• _Directions for this task_
Read the entries below and pull out each line with the string "False".

(Records from a data collection)
_____

(* Let $M=(S,\mathrm{Act},P)$ be an MDP, $T\subseteq S$, $\mathrm{opt}\in\{\min,\max\}$, $r$ the least fixed point of $\tilde D^{\mathrm{opt}}$, $Z=\{s\in S\mid\Pr^{\mathrm{opt}}_s(\Diamond T)=0\}$, and $\sigma$ a strategy with $\Pr^\sigma_s(\Diamond T)=\Pr^{\mathrm{opt}}_s(\Diamond T)$ for all $s\in S$. For $s\in S$ let $z(s)$ be the probability, in the Markov chain induced by $\sigma$ started at $s$, of the set of paths $s_0s_1\ldots$ for which there is $i$ with $s_i\in Z$ and $s_j\notin T$ for all $j<i$. Then for all $s\in S$: $z(s)>0$ implies $r(s)<\infty$.
   Context: An MDP is a tuple $M=(S,\mathrm{Act},P)$ with $S$ finite, $\mathrm{Act}$ finite, $P\colon S\times\mathrm{Act}\times S\to[0,1]$ with $\sum_{s'}P(s,a,s')\in\{0,1\}$; $\mathrm{Act}(s)=\{a\mid\sum_{s'}P(s,a,s')=1\}$ is nonempty for all $s$; $\mathrm{Post}(s,a)=\{s'\mid P(s,a,s')>0\}$. A strategy is $\sigma\colon S\to\mathrm{Act}$ with $\sigma(s)\in\mathrm{Act}(s)$, inducing a Markov chain with transitions $P(s,\sigma(s),\cdot)$; $\Pr^\sigma_s(\Diamond T)$ is the probability of visiting $T$ from $s$ and $\Pr^{\mathrm{opt}}_s(\Diamond T)=\mathrm{opt}_\sigma\Pr^\sigma_s(\Diamond T)$. $\mathbb{N}_\infty=\mathbb{N}\cup\{\infty\}$ with $\infty+1=\infty$. $\tilde D^{\mathrm{opt}}(r)(s)=\infty$ for $s\in T$ and $\mathrm{opt}_{a\in\mathrm{Act}(s)}\big(\min_{s'\in\mathrm{Post}(s,a)}r(s')+[\exists u,v\in\mathrm{Post}(s,a)\colon r(u)\ne r(v)]\big)$ for $s\notin T$ ($[\varphi]\in\{0,1\}$ the Iverson bracket); its least fixed point w.r.t. the pointwise order exists. *)

theory Defs
  imports Complex_Main "HOL-Library.Extended_Nat"
begin

definition Act :: "('s \<Rightarrow> 'a \<Rightarrow> 's \<Rightarrow> real) \<Rightarrow> 's \<Rightarrow> 'a set" where
  "Act P s = {a. (\<Sum>s'\<in>UNIV. P s a s') = 1}"

definition Post :: "('s \<Rightarrow> 'a \<Rightarrow> 's \<Rightarrow> real) \<Rightarrow> 's \<Rightarrow> 'a \<Rightarrow> 's set" where
  "Post P s a = {s'. P s a s' > 0}"

definition is_mdp :: "('s::finite \<Rightarrow> 'a::finite \<Rightarrow> 's \<Rightarrow> real) \<Rightarrow> bool" where
  "is_mdp P \<longleftrightarrow>
     (\<forall>s a s'. 0 \<le> P s a s' \<and> P s a s' \<le> 1) \<and>
     (\<forall>s a. (\<Sum>s'\<in>UNIV. P s a s') \<in> {0, 1}) \<and>
     (\<forall>s. Act P s \<noteq> {})"

definition is_strategy :: "('s \<Rightarrow> 'a \<Rightarrow> 's \<Rightarrow> real) \<Rightarrow> ('s \<Rightarrow> 'a) \<Rightarrow> bool" where
  "is_strategy P \<sigma> \<longleftrightarrow> (\<forall>s. \<sigma> s \<in> Act P s)"

text \<open>Probability, in the Markov chain induced by strategy \<sigma>, of the paths
  starting in s that reach B within n steps while all earlier states lie in A
  (i.e. there is i \<le> n with s_i \<in> B and s_j \<in> A for all j < i).\<close>

fun until_bounded ::
  "('s::finite \<Rightarrow> 'a \<Rightarrow> 's \<Rightarrow> real) \<Rightarrow> ('s \<Rightarrow> 'a) \<Rightarrow> 's set \<Rightarrow> 's set \<Rightarrow> nat \<Rightarrow> 's \<Rightarrow> real" where
  "until_bounded P \<sigma> A B 0 s = (if s \<in> B then 1 else 0)"
| "until_bounded P \<sigma> A B (Suc n) s =
     (if s \<in> B then 1 else if s \<notin> A then 0
      else (\<Sum>s'\<in>UNIV. P s (\<sigma> s) s' * until_bounded P \<sigma> A B n s'))"

text \<open>Unbounded version: the probability of the (countable union of the
  increasing) events, i.e. the supremum of the step-bounded probabilities.\<close>

definition until_prob ::
  "('s::finite \<Rightarrow> 'a \<Rightarrow> 's \<Rightarrow> real) \<Rightarrow> ('s \<Rightarrow> 'a) \<Rightarrow> 's set \<Rightarrow> 's set \<Rightarrow> 's \<Rightarrow> real" where
  "until_prob P \<sigma> A B s = (SUP n. until_bounded P \<sigma> A B n s)"

definition reach_prob ::
  "('s::finite \<Rightarrow> 'a \<Rightarrow> 's \<Rightarrow> real) \<Rightarrow> ('s \<Rightarrow> 'a) \<Rightarrow> 's set \<Rightarrow> 's \<Rightarrow> real" where
  "reach_prob P \<sigma> T s = until_prob P \<sigma> UNIV T s"

datatype optdir = Minimize | Maximize

definition opt_reach_prob ::
  "optdir \<Rightarrow> ('s::finite \<Rightarrow> 'a \<Rightarrow> 's \<Rightarrow> real) \<Rightarrow> 's set \<Rightarrow> 's \<Rightarrow> real" where
  "opt_reach_prob opt P T s =
     (case opt of
        Minimize \<Rightarrow> (INF \<sigma>\<in>{\<sigma>. is_strategy P \<sigma>}. reach_prob P \<sigma> T s)
      | Maximize \<Rightarrow> (SUP \<sigma>\<in>{\<sigma>. is_strategy P \<sigma>}. reach_prob P \<sigma> T s))"

definition Dtilde ::
  "optdir \<Rightarrow> ('s::finite \<Rightarrow> 'a::finite \<Rightarrow> 's \<Rightarrow> real) \<Rightarrow> 's set \<Rightarrow> ('s \<Rightarrow> enat) \<Rightarrow> ('s \<Rightarrow> enat)" where
  "Dtilde opt P T r s =
     (if s \<in> T then \<infinity>
      else
        let val = (\<lambda>a. Min (r ` Post P s a) +
                      (if \<exists>u\<in>Post P s a. \<exists>v\<in>Post P s a. r u \<noteq> r v then 1 else 0))
        in (case opt of
              Minimize \<Rightarrow> Min (val ` Act P s)
            | Maximize \<Rightarrow> Max (val ` Act P s)))"

end

theory Submission
  imports Defs
begin

(*
  Reaching Z before T and reaching T are disjoint events, and from Z the optimal strategy
  \<sigma> reaches T with probability 0. Hence z(s) > 0 forces Pr^opt_s(\<Diamond>T) = Pr^\<sigma>_s(\<Diamond>T) < 1.

  Conversely Pr^opt_s(\<Diamond>T) = 1 on Q = {s. r s = \<infinity>}. Let W be the attractor of T within Q:
  the least set containing T and every state of Q from which every action (min) or some
  action (max) stays in Q and enters W with positive probability. If Q - W were nonempty,
  lowering r on Q - W from \<infinity> to a number exceeding all finite values of r would give a
  prefixpoint of Dtilde, contradicting leastness of r. So the attractor levels rank all of Q,
  and a strategy descending along this ranking (\<sigma> itself for min) reaches T almost surely.
*)

lemma mdp_nonneg: "is_mdp P \<Longrightarrow> 0 \<le> P s a s'"
  by (simp add: is_mdp_def)

lemma notin_Post_eq_0: "is_mdp P \<Longrightarrow> s' \<notin> Post P s a \<Longrightarrow> P s a s' = 0"
  by (simp add: Post_def antisym leI mdp_nonneg)

lemma Act_nonempty: "is_mdp P \<Longrightarrow> Act P s \<noteq> {}"
  by (simp add: is_mdp_def)

lemma Post_nonempty:
  assumes "is_mdp P" and "a \<in> Act P s"
  shows "Post P s a \<noteq> {}"
proof
  assume "Post P s a = {}"
  with assms(1) have "P s a s' = 0" for s' by (simp add: notin_Post_eq_0)
  with assms(2) show False by (simp add: Act_def)
qed

definition action_value ::
  "('s \<Rightarrow> 'a \<Rightarrow> 's \<Rightarrow> real) \<Rightarrow> ('s \<Rightarrow> enat) \<Rightarrow> 's \<Rightarrow> 'a \<Rightarrow> enat" where
  "action_value P r s a =
     Min (r ` Post P s a) + (if \<exists>u\<in>Post P s a. \<exists>v\<in>Post P s a. r u \<noteq> r v then 1 else 0)"

lemma Dtilde_target: "s \<in> T \<Longrightarrow> Dtilde opt P T r s = \<infinity>"
  by (simp add: Dtilde_def)

lemma Dtilde_not_target:
  "s \<notin> T \<Longrightarrow> Dtilde opt P T r s =
     (case opt of Minimize \<Rightarrow> Min (action_value P r s ` Act P s)
                | Maximize \<Rightarrow> Max (action_value P r s ` Act P s))"
  unfolding Dtilde_def Let_def action_value_def[abs_def] by simp

lemma action_value_mono:
  fixes r r' :: "'s::finite \<Rightarrow> enat"
  assumes "r \<le> r'"
  shows "action_value P r s a \<le> action_value P r' s a"
proof (cases "Post P s a = {}")
  case True
  then show ?thesis by (simp add: action_value_def)
next
  case False
  let ?A = "Post P s a"
  have le: "r x \<le> r' x" for x using assms by (simp add: le_fun_def)
  have min_le: "Min (r ` ?A) \<le> Min (r' ` ?A)"
    using False by simp (intro ballI order_trans[OF Min_le le], auto)
  show ?thesis
  proof (cases "\<exists>u\<in>?A. \<exists>v\<in>?A. r' u \<noteq> r' v")
    case True
    then show ?thesis using min_le by (simp add: action_value_def add_mono)
  next
    case r'_const: False
    show ?thesis
    proof (cases "\<exists>u\<in>?A. \<exists>v\<in>?A. r u \<noteq> r v")
      case True
      have "Min (r ` ?A) \<in> r ` ?A" by (rule Min_in) (use False in auto)
      then obtain x where x: "x \<in> ?A" "r x = Min (r ` ?A)" by auto
      with True obtain u where u: "u \<in> ?A" "r u \<noteq> Min (r ` ?A)" by metis
      have r'_x: "r' ` ?A = {r' x}" using r'_const x(1) by blast
      have "Min (r ` ?A) < r u" using u by (simp add: order_less_le)
      also have "r u \<le> r' x" using le[of u] r'_x u(1) by (metis imageI singletonD)
      also have "r' x = Min (r' ` ?A)" using r'_x by simp
      finally have "Min (r ` ?A) + 1 \<le> Min (r' ` ?A)"
        by (simp add: eSuc_plus_1[symmetric] ileI1)
      then show ?thesis
        unfolding action_value_def if_P[OF True] if_not_P[OF r'_const] by simp
    next
      case False
      show ?thesis
        unfolding action_value_def if_not_P[OF False] if_not_P[OF r'_const] using min_le by simp
    qed
  qed
qed

lemma action_value_le:
  fixes u :: "'s::finite \<Rightarrow> enat"
  assumes "Post P s a \<noteq> {}"
    and "(\<forall>x\<in>Post P s a. u x = K) \<or> (\<exists>x\<in>Post P s a. u x + 1 \<le> K)"
  shows "action_value P u s a \<le> K"
  using assms(2)
proof
  assume const: "\<forall>x\<in>Post P s a. u x = K"
  with assms(1) have "u ` Post P s a = {K}" by auto
  with const show ?thesis by (simp add: action_value_def)
next
  assume "\<exists>x\<in>Post P s a. u x + 1 \<le> K"
  then obtain x where x: "x \<in> Post P s a" "u x + 1 \<le> K" by blast
  have "action_value P u s a \<le> u x + 1"
    unfolding action_value_def by (rule add_mono) (use x(1) in simp_all)
  with x(2) show ?thesis by simp
qed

_____

• _Task result_
  with assms(2) show False by (simp add: Act_def)
  case False
    using False by simp (intro ballI order_trans[OF Min_le le], auto)
    case r'_const: False
      have "Min (r ` ?A) \<in> r ` ?A" by (rule Min_in) (use False in auto)
      case False
        unfolding action_value_def if_not_P[OF False] if_not_P[OF r'_const] using min_le by simp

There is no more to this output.